- Born: November 29, 1959 (age 66) Singapore
- Education: Curtin University of Technology (BFA,MFA,DCA)
- Known for: Performance art, installation art
- Movement: Contemporary art

= S. Chandrasekaran =

Singaporean contemporary artist (born 1959)

S. Chandrasekaran is a Singaporean contemporary artist known for his work in performance art in 1980s Singapore. He has held executive positions as Head of School at the Nanyang Academy of Fine Arts and LASALLE College of Arts.

== Early life and education ==
He received a diploma from the Nanyang Academy of Fine Arts in

He obtained his doctorate in cross-cultural studies in Performance Art from Curtin University in 2007.

== Career ==
He was a Senior Research Fellow at Institute of Southeast Asia, NAFA. He has also served as Academic Advisor for Postgraduate programs with Loughborough University/NAFA and Royal Melbourne Institute of Technology/LASALLE-SIA.

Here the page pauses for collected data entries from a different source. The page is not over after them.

(* Let $\mathcal{M}$ be a saturated model of Presburger arithmetic, $\mathcal{M}_0\preceq\mathcal{M}$ a small elementary submodel, $C\subseteq\mathcal{M}^n$ an open cell definable over $\mathcal{M}_0$, and $a\in C$ with $\dim(a/\mathcal{M}_0)=n$. Then there is an $n$-box $B$ around $a$ with $B\subseteq C$.
   Context: Presburger arithmetic is $\mathrm{Th}(\mathbb{Z},+,-,<,0,1,\{\equiv_n\}_n)$. Cells are defined inductively: a $0$-cell is a point of $\mathrm{dcl}(B)$; a $1$-cell is an infinite set $\{x:\alpha\ \square_1\ x\ \square_2\ \beta,\ x\equiv_N c\}$ with $\alpha,\beta\in\mathrm{dcl}(B)$, $0\le c<N$ integers, $\square_j$ either $\le$ or no condition; given an $(i_1,\dots,i_n)$-cell $C'$, an $(i_1,\dots,i_n,0)$-cell is the graph of a $B$-linear function on $C'$ and an $(i_1,\dots,i_n,1)$-cell is $\{(x,t):x\in C',\ \alpha(x)\ \square_1\ t\ \square_2\ \beta(x),\ t\equiv_N k\}$ with $\alpha,\beta$ $B$-linear on $C'$ and fiber sizes not uniformly bounded. Here a $B$-linear function is $f(x)=\sum_i s_i\frac{x_i-c_i}{k_i}+\gamma$ with integers $s_i,k_i$, $0\le c_i<k_i$, $x_i\equiv_{k_i}c_i$, $\gamma\in\mathrm{dcl}(B)$. The dimension of an $(i_1,\dots,i_n)$-cell is $\sum_j i_j$; a cell in $\mathcal{M}^n$ is open if its dimension is $n$. The dimension of a tuple over $\mathcal{M}_0$ is the size of a maximal dcl-independent (over $\mathcal{M}_0$) subset of its coordinates. A box around $p\in\mathcal{M}^n$ is a product $B_1\times\dots\times B_n$ of sets $B_i=\{x:\alpha_i\ \square_1\ x\ \square_2\ \beta_i,\ x\equiv_{N_i}c_i\}$ with $p_i\in B_i$ and $[\alpha_i,p_i]$, $[p_i,\beta_i]$ infinite. *)

theory Defs
  imports Main
begin

section \<open>First-order language of Presburger arithmetic (deep embedding)\<close>

text \<open>Terms and formulas in the language (+,-,<,0,1,{cong_n}_n); constants 'c are parameters.\<close>

datatype 'c tm = TVar nat | TCst 'c | TZero | TOne | TAdd "'c tm" "'c tm" | TSub "'c tm" "'c tm"

datatype 'c fm = FLess "'c tm" "'c tm" | FEq "'c tm" "'c tm" | FCong nat "'c tm" "'c tm"
  | FNeg "'c fm" | FConj "'c fm" "'c fm" | FEx nat "'c fm"

fun fv_tm :: "'c tm \<Rightarrow> nat set" where
  "fv_tm (TVar n) = {n}"
| "fv_tm (TCst c) = {}"
| "fv_tm TZero = {}"
| "fv_tm TOne = {}"
| "fv_tm (TAdd s t) = fv_tm s \<union> fv_tm t"
| "fv_tm (TSub s t) = fv_tm s \<union> fv_tm t"

fun fv :: "'c fm \<Rightarrow> nat set" where
  "fv (FLess s t) = fv_tm s \<union> fv_tm t"
| "fv (FEq s t) = fv_tm s \<union> fv_tm t"
| "fv (FCong n s t) = fv_tm s \<union> fv_tm t"
| "fv (FNeg p) = fv p"
| "fv (FConj p q) = fv p \<union> fv q"
| "fv (FEx n p) = fv p - {n}"

text \<open>A structure for the language; its universe is the whole type 'a.\<close>

record 'a pstr =
  padd :: "'a \<Rightarrow> 'a \<Rightarrow> 'a"
  psub :: "'a \<Rightarrow> 'a \<Rightarrow> 'a"
  pless :: "'a \<Rightarrow> 'a \<Rightarrow> bool"
  pzero :: 'a
  pone :: 'a
  pcong :: "nat \<Rightarrow> 'a \<Rightarrow> 'a \<Rightarrow> bool"

fun ev :: "'a pstr \<Rightarrow> ('c \<Rightarrow> 'a) \<Rightarrow> (nat \<Rightarrow> 'a) \<Rightarrow> 'c tm \<Rightarrow> 'a" where
  "ev S I v (TVar n) = v n"
| "ev S I v (TCst c) = I c"
| "ev S I v TZero = pzero S"
| "ev S I v TOne = pone S"
| "ev S I v (TAdd s t) = padd S (ev S I v s) (ev S I v t)"
| "ev S I v (TSub s t) = psub S (ev S I v s) (ev S I v t)"

text \<open>Satisfaction, quantifiers ranging over the domain D (D = UNIV for the model itself,
  D = M0 for a substructure).\<close>

fun sat :: "'a pstr \<Rightarrow> 'a set \<Rightarrow> ('c \<Rightarrow> 'a) \<Rightarrow> (nat \<Rightarrow> 'a) \<Rightarrow> 'c fm \<Rightarrow> bool" where
  "sat S D I v (FLess s t) = pless S (ev S I v s) (ev S I v t)"
| "sat S D I v (FEq s t) = (ev S I v s = ev S I v t)"
| "sat S D I v (FCong n s t) = pcong S n (ev S I v s) (ev S I v t)"
| "sat S D I v (FNeg p) = (\<not> sat S D I v p)"
| "sat S D I v (FConj p q) = (sat S D I v p \<and> sat S D I v q)"
| "sat S D I v (FEx n p) = (\<exists>x\<in>D. sat S D I (v(n := x)) p)"

definition Zstr :: "int pstr" where
  "Zstr = \<lparr>padd = (+), psub = (-), pless = (<), pzero = 0, pone = 1,
           pcong = (\<lambda>n x y. x mod int n = y mod int n)\<rparr>"

definition models_PrA :: "'a pstr \<Rightarrow> bool" where
  "models_PrA S \<longleftrightarrow> (\<forall>\<phi> :: nat fm. set_fm \<phi> = {} \<and> fv \<phi> = {} \<longrightarrow>
      (sat Zstr UNIV (\<lambda>_. 0) (\<lambda>_. 0) \<phi> \<longleftrightarrow> sat S UNIV (\<lambda>_. undefined) (\<lambda>_. undefined) \<phi>))"

text \<open>A is small: |A| < |M| (the universe of the model is UNIV :: 'a set).\<close>

definition small :: "'a set \<Rightarrow> bool" where
  "small A \<longleftrightarrow> \<not> (\<exists>f :: 'a \<Rightarrow> 'a. inj f \<and> range f \<subseteq> A)"

text \<open>Saturation (|M|-saturation): every finitely satisfiable set of formulas in one variable
  with parameters from a small set is realized.  A formula in the single variable x is
  evaluated by assigning x to every variable.\<close>

definition saturated :: "'a pstr \<Rightarrow> bool" where
  "saturated S \<longleftrightarrow> (\<forall>A (\<Sigma> :: 'a fm set). small A \<and> (\<forall>\<phi>\<in>\<Sigma>. set_fm \<phi> \<subseteq> A) \<and>
      (\<forall>\<Sigma>0\<subseteq>\<Sigma>. finite \<Sigma>0 \<longrightarrow> (\<exists>x. \<forall>\<phi>\<in>\<Sigma>0. sat S UNIV id (\<lambda>_. x) \<phi>)) \<longrightarrow>
      (\<exists>x. \<forall>\<phi>\<in>\<Sigma>. sat S UNIV id (\<lambda>_. x) \<phi>))"

definition elem_sub :: "'a pstr \<Rightarrow> 'a set \<Rightarrow> bool" where
  "elem_sub S M0 \<longleftrightarrow> pzero S \<in> M0 \<and> pone S \<in> M0 \<and>
     (\<forall>x\<in>M0. \<forall>y\<in>M0. padd S x y \<in> M0 \<and> psub S x y \<in> M0) \<and>
     (\<forall>(\<phi> :: 'a fm) v. set_fm \<phi> \<subseteq> M0 \<and> range v \<subseteq> M0 \<longrightarrow>
        (sat S M0 id v \<phi> \<longleftrightarrow> sat S UNIV id v \<phi>))"

definition dcl :: "'a pstr \<Rightarrow> 'a set \<Rightarrow> 'a set" where
  "dcl S B = {b. \<exists>\<phi> :: 'a fm. set_fm \<phi> \<subseteq> B \<and> (\<forall>x. sat S UNIV id (\<lambda>_. x) \<phi> \<longleftrightarrow> x = b)}"

fun nmul :: "'a pstr \<Rightarrow> nat \<Rightarrow> 'a \<Rightarrow> 'a" where
  "nmul S 0 x = pzero S"
| "nmul S (Suc n) x = padd S x (nmul S n x)"

definition zmul :: "'a pstr \<Rightarrow> int \<Rightarrow> 'a \<Rightarrow> 'a" where
  "zmul S k x = (if 0 \<le> k then nmul S (nat k) x else psub S (pzero S) (nmul S (nat (- k)) x))"

definition const :: "'a pstr \<Rightarrow> nat \<Rightarrow> 'a" where
  "const S c = nmul S c (pone S)"

text \<open>y / k, the unique z with k z = y (used only when y is divisible by k).\<close>
definition divk :: "'a pstr \<Rightarrow> nat \<Rightarrow> 'a \<Rightarrow> 'a" where
  "divk S k y = (THE z. nmul S k z = y)"

definition ple :: "'a pstr \<Rightarrow> 'a \<Rightarrow> 'a \<Rightarrow> bool" where
  "ple S x y \<longleftrightarrow> pless S x y \<or> x = y"

text \<open>Optional bounds: None = no condition, Some a = the condition a \<le> t (resp. t \<le> a).\<close>
definition lowok :: "'a pstr \<Rightarrow> 'a option \<Rightarrow> 'a \<Rightarrow> bool" where
  "lowok S lo t = (case lo of None \<Rightarrow> True | Some a \<Rightarrow> ple S a t)"

definition upok :: "'a pstr \<Rightarrow> 'a option \<Rightarrow> 'a \<Rightarrow> bool" where
  "upok S hi t = (case hi of None \<Rightarrow> True | Some b \<Rightarrow> ple S t b)"

section \<open>Cells\<close>

definition blin :: "'a pstr \<Rightarrow> 'a set \<Rightarrow> 'a list set \<Rightarrow> ('a list \<Rightarrow> 'a) \<Rightarrow> bool" where
  "blin S B C f \<longleftrightarrow> (\<exists>(s :: nat \<Rightarrow> int) (k :: nat \<Rightarrow> nat) (c :: nat \<Rightarrow> nat). \<exists>\<gamma>\<in>dcl S B.
     (\<forall>i. c i < k i) \<and>
     (\<forall>x\<in>C. \<forall>i<length x. pcong S (k i) (x ! i) (const S (c i))) \<and>
     (\<forall>x\<in>C. f x = foldr (padd S)
        (map (\<lambda>i. zmul S (s i) (divk S (k i) (psub S (x ! i) (const S (c i))))) [0..<length x]) \<gamma>))"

He is a founder/artistic director for the Biological Arts Theatre (BAT); a new media experimental theatre for Life Science and Arts. His research interests are cross-cultural studies, Asian aesthetics, life science, and experimental theatre. His teaching interests are life drawing, sculpture, alternative drawing, art photography, contemporary painting, installation art, performance art, new media, and cross disciplinary studies.

==Exhibitions==
Chandrasekaran has been represented in major exhibitions, such as Havana Biennial (Cuba), 1st Asia Pacific Triennial (Brisbane), Asia-Pacific Performance Art Festival (Canada), International Performance Art Festival(Poland), 49th Venice Biennale and 8th Festival of Contemporary Art (Slovenia). He has been commissioned to work on public artworks such as for the World Sculpture Park at Changchun, China in 2001 and MRT station (Little India, Singapore).

The work titled Bioalloy and Body Performance was nominated for APBF Signature Art Prize (Singapore), 2003. He has been invited to international conference and seminars such as Biennale of Electronic Arts (Australia), 3rd Asia-Pacific Arts conference (Taipei) and XIV International Congress for Aesthetics (Slovenia) and University of South Wales (Sydney).

=== Solo Exhibition ===
- LIVING STORIES, Substation, Singapore, 2012
- AKASA, Earl Lu Gallery. LASALLE-SIA, College of the Arts, Singapore, 2002
- ICONS, Fort Canning Gallery, Singapore, 1996
- MADRAS MADLEY, Lalit Kala Academy, Madras, India, 1994

== Publications ==
- Living Stories, First Printers, Singapore, 2012
- Locating Self through Performance Art, LAP Lambert Academic Publishing AG & Co. KG, 2009
- Man and Modern Myth: A Dialogue, Yali Print Publications, India, 1994, Indran and S. Chandrasekaran.